Despite the claim of incompetence, not one single demonstrative example is ever cited anywhere, on any [Noncom-missioned Officer Evaluation Report (“NCOER”) ] or indeed indicated anywhere else. Appellant asserts that the legal burden of 50% and a feather has been met in the proceedings below. There is a plethora of demonstrative evidence to suggest appellant was everything but incompetent, by a wide variety of individuals and authorities. To deny ... retirement ... [under TERA was] improper. A separation code of incompetence is unwarranted in this instance.
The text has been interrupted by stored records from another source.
lemma abs_rho_le_defect:
  assumes "0 < \<sigma>" "0 < r" "r \<le> 1" "r / sqrt \<sigma> \<le> 1"
  shows "\<bar>rho \<sigma> r n\<bar> \<le> rho_defect \<sigma> r * rho_scale r n"
proof (rule abs_rho_le[OF assms(1-3)])
  define a where "a = r / sqrt \<sigma>"
  define \<nu> where "\<nu> = real n + 1/2"
  define \<epsilon> where "\<epsilon> = rho_defect \<sigma> r"
  define m where "m = rho_scale r n"
  have a: "0 < a" unfolding a_def using assms by simp
  have \<nu>: "0 \<le> \<nu>" unfolding \<nu>_def by simp
  have \<epsilon>: "0 \<le> \<epsilon>" unfolding \<epsilon>_def by (rule rho_defect_nonneg)
  have m: "0 \<le> m" unfolding m_def using assms by (simp add: rho_scale_nonneg)
  have Ia: "0 \<le> \<epsilon> * In n a" using \<epsilon> besselI_pos[OF a, of "real n + 1/2"] by simp
  have "\<nu> * In n r \<le> \<nu>/r * In n r"
    using mult_left_le[OF assms(3), of "\<nu> * In n r"] assms(2) \<nu>
      besselI_pos[OF assms(2), of "real n + 1/2"]
    by (simp add: field_simps \<nu>_def)
  also have "\<dots> \<le> \<nu>/r * (m * Kn n r)"
    using besselI_le_rho_scale(1)[of r n] assms \<nu> unfolding m_def by (intro mult_left_mono) auto
  finally have Ir: "\<nu> * In n r \<le> \<nu>/r * (m * Kn n r)" .
  have "\<bar>\<sigma> * dIn n a * In n r - In n a * dIn n r\<bar> \<le> \<epsilon> * In n a * (\<nu> * In n r)"
    using rho_numerator_le_defect[OF assms, of n] unfolding a_def \<epsilon>_def \<nu>_def by (simp add: mult_ac)
  also have "\<dots> \<le> \<epsilon> * m * (In n a * (\<nu>/r * Kn n r))"
    using mult_left_mono[OF Ir Ia] by (simp add: mult_ac)
  also have "\<dots> \<le> \<epsilon> * m * (In n a * - dKn n r)"
    using deriv_besselK_le[of r n] assms besselI_pos[OF a, of \<nu>] \<nu> \<epsilon> m
    unfolding \<nu>_def by (intro mult_left_mono) auto
  also have "\<dots> \<le> \<epsilon> * m * (\<sigma> * dIn n a * Kn n r - In n a * dKn n r)"
    using rho_denominator_ge(2)[OF assms(1-3), of n] \<epsilon> m unfolding a_def
    by (intro mult_left_mono) auto
  finally show "\<bar>\<sigma> * dIn n a * In n r - In n a * dIn n r\<bar>
      \<le> \<epsilon> * m * (\<sigma> * dIn n a * Kn n r - In n a * dKn n r)" .
qed

lemma quotient_perturbation_le:
  fixes p K dK I dI \<nu> \<tau> :: real
  assumes \<nu>: "1/2 \<le> \<nu>" and K: "0 < K" and dI: "0 < dI" and I: "0 \<le> I" "\<nu> * I \<le> dI"
    and dK: "0 \<le> - dK" "- dK \<le> 3 * \<nu> * K"
    and \<tau>: "\<tau> \<le> 1/6" and p: "\<bar>p\<bar> * (\<nu> * K) \<le> \<tau> * dI"
  shows "\<bar>(p * K - I) / (p * dK - dI) - I / dI\<bar> \<le> 16 * \<tau>"
proof -
  have "0 \<le> \<bar>p\<bar> * (\<nu> * K)" using \<nu> K by simp
  then have "0 \<le> \<tau> * dI" using p by linarith
  then have \<tau>0: "0 \<le> \<tau>" using dI by (simp add: zero_le_mult_iff)
  have "\<bar>p * dK\<bar> = \<bar>p\<bar> * - dK"
    using dK by (simp add: abs_mult)
  also have "\<dots> \<le> 3 * (\<bar>p\<bar> * (\<nu> * K))"
    using dK mult_left_mono[OF dK(2) abs_ge_zero[of p]] by (simp add: mult_ac)
  also have "\<dots> \<le> 3 * (1/6 * dI)"
    using p mult_right_mono[OF \<tau> less_imp_le[OF dI]] by simp
  finally have den: "dI / 2 \<le> \<bar>p * dK - dI\<bar>" by linarith
  have "I * - dK \<le> I * (3 * \<nu> * K)" using dK I by (intro mult_left_mono) auto
  also have "\<dots> \<le> 3 * K * dI" using I K by (simp add: mult_ac mult_left_mono)
  moreover have "0 \<le> I * - dK" "0 \<le> K * dI"
    using I dK K dI by (intro mult_nonneg_nonneg; simp)+
  ultimately have num: "\<bar>K * dI - I * dK\<bar> \<le> 4 * K * dI" by (simp add: abs_le_iff)
  have "p * dK - dI \<noteq> 0" using den dI by auto
  then have "(p * K - I) / (p * dK - dI) - I / dI = p * (K * dI - I * dK) / ((p * dK - dI) * dI)"
    using dI by (simp add: field_simps)
  then have "\<bar>(p * K - I) / (p * dK - dI) - I / dI\<bar>
      = \<bar>p\<bar> * \<bar>K * dI - I * dK\<bar> / (\<bar>p * dK - dI\<bar> * dI)"
    using dI by (simp add: abs_mult abs_div)
  also have "\<dots> \<le> \<bar>p\<bar> * (4 * K * dI) / (dI / 2 * dI)"
    using den num dI by (intro frac_le mult_left_mono mult_right_mono) auto
  also have "\<dots> = 8 * (\<bar>p\<bar> * (\<nu> * K)) / (\<nu> * dI)"
    using dI \<nu> by (simp add: field_simps)
  also have "\<dots> \<le> 8 * (\<tau> * dI) / (\<nu> * dI)"
    using p dI \<nu> by (intro divide_right_mono) auto
  also have "\<dots> \<le> 16 * \<tau>"
    using dI \<nu> mult_right_mono[of 1 "2 * \<nu>" \<tau>] \<tau>0 by (simp add: field_simps)
  finally show ?thesis .
qed

lemma abs_diff_mult_le:
  assumes \<tau>: "\<tau> \<le> 1/6"
    and \<rho>: "\<bar>rho \<sigma> r n\<bar> \<le> \<tau> * dIn n 1 / ((real n + 1/2) * Kn n 1)"
  shows "\<bar>diff_mult \<sigma> r n\<bar> \<le> 16 * \<tau>"
proof -
  define \<nu> where "\<nu> = real n + 1/2"
  have \<nu>: "1/2 \<le> \<nu>" unfolding \<nu>_def by simp
  have K: "0 < Kn n 1" by (rule besselK_pos) auto
  have "\<nu> * Kn n 1 \<le> - dKn n 1" "- dKn n 1 \<le> (\<nu> + 1) * Kn n 1"
    using deriv_besselK_le[of 1 n] deriv_besselK_ge_at_1[of n] unfolding \<nu>_def
    by (simp_all add: algebra_simps)
  moreover have "(\<nu> + 1) * Kn n 1 \<le> 3 * \<nu> * Kn n 1" "0 \<le> \<nu> * Kn n 1" using \<nu> K by simp_all
  ultimately have dK: "0 \<le> - dKn n 1" "- dKn n 1 \<le> 3 * \<nu> * Kn n 1"
    by linarith+
  show ?thesis
    unfolding diff_mult_def mult_cs_def mult_hom_def
  proof (rule quotient_perturbation_le[OF \<nu> K _ _ _ dK \<tau>])
    show "0 < dIn n 1" "0 \<le> In n 1" "\<nu> * In n 1 \<le> dIn n 1"
      using deriv_besselI_pos[of 1 \<nu>] besselI_pos[of 1 \<nu>] deriv_besselI_ge[of 1 \<nu>] \<nu>
      unfolding \<nu>_def by simp_all
    show "\<bar>rho \<sigma> r n\<bar> * (\<nu> * Kn n 1) \<le> \<tau> * dIn n 1"
      using \<rho> K \<nu> unfolding \<nu>_def by (simp add: le_divide_eq)
  qed
qed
In addition, Ms. Martinez argues that the Court of Federal Claims erred by failing to give sufficient weight to evidence in the record in her favor and by failing to apply the doctrine of equitable estoppel. According to Ms. Martinez, application of the doctrine would have prevented consideration of certain negative material in her record.

III.

Before the Court of Federal Claims, Ms. Martinez had the burden of establishing that the decision of the ABCMR was arbitrary, capricious, contrary to law, or unsupported by substantial evidence. See Roth v. United States, 378 F.3d 1371, 1381 (Fed.Cir.2004); Heisig v. United States, 719 F.2d 1153, 1156 (Fed.Cir.1983). For our part, we review the decision of the Court of Federal Claims granting the government’s motion for judgment on the administrative record without deference, reviewing de novo whether the plaintiff met her burden of proving that the ABCMR’s decision was arbitrary, capricious, contrary to law, or unsupported by substantial evidence. Barnes v. United States, 473 F.3d 1356, 1361 (Fed.Cir.2007). Applying the applicable standards of review, we see no error in the decision of the Court of Fed *301 eral Claims granting the government’s motion under RCFC 52.1 for judgment on the administrative record.

IV.

We turn first to Ms. Martinez’s argument that the decision of the ABCMR is not supported by substantial evidence.

The record before the Board included four NCOERs. The first NCOER, issued during Ms. Martinez’s service in Korea in 1995, noted various competence issues. Martinez, 77 Fed. Cl. at 319. The second NCOER, covering the period from late 1995 to early 1996, reflected concerns regarding Ms. Martinez’s leadership, responsibility, and accountability. Id. at 320. The third NCOER, issued during Ms.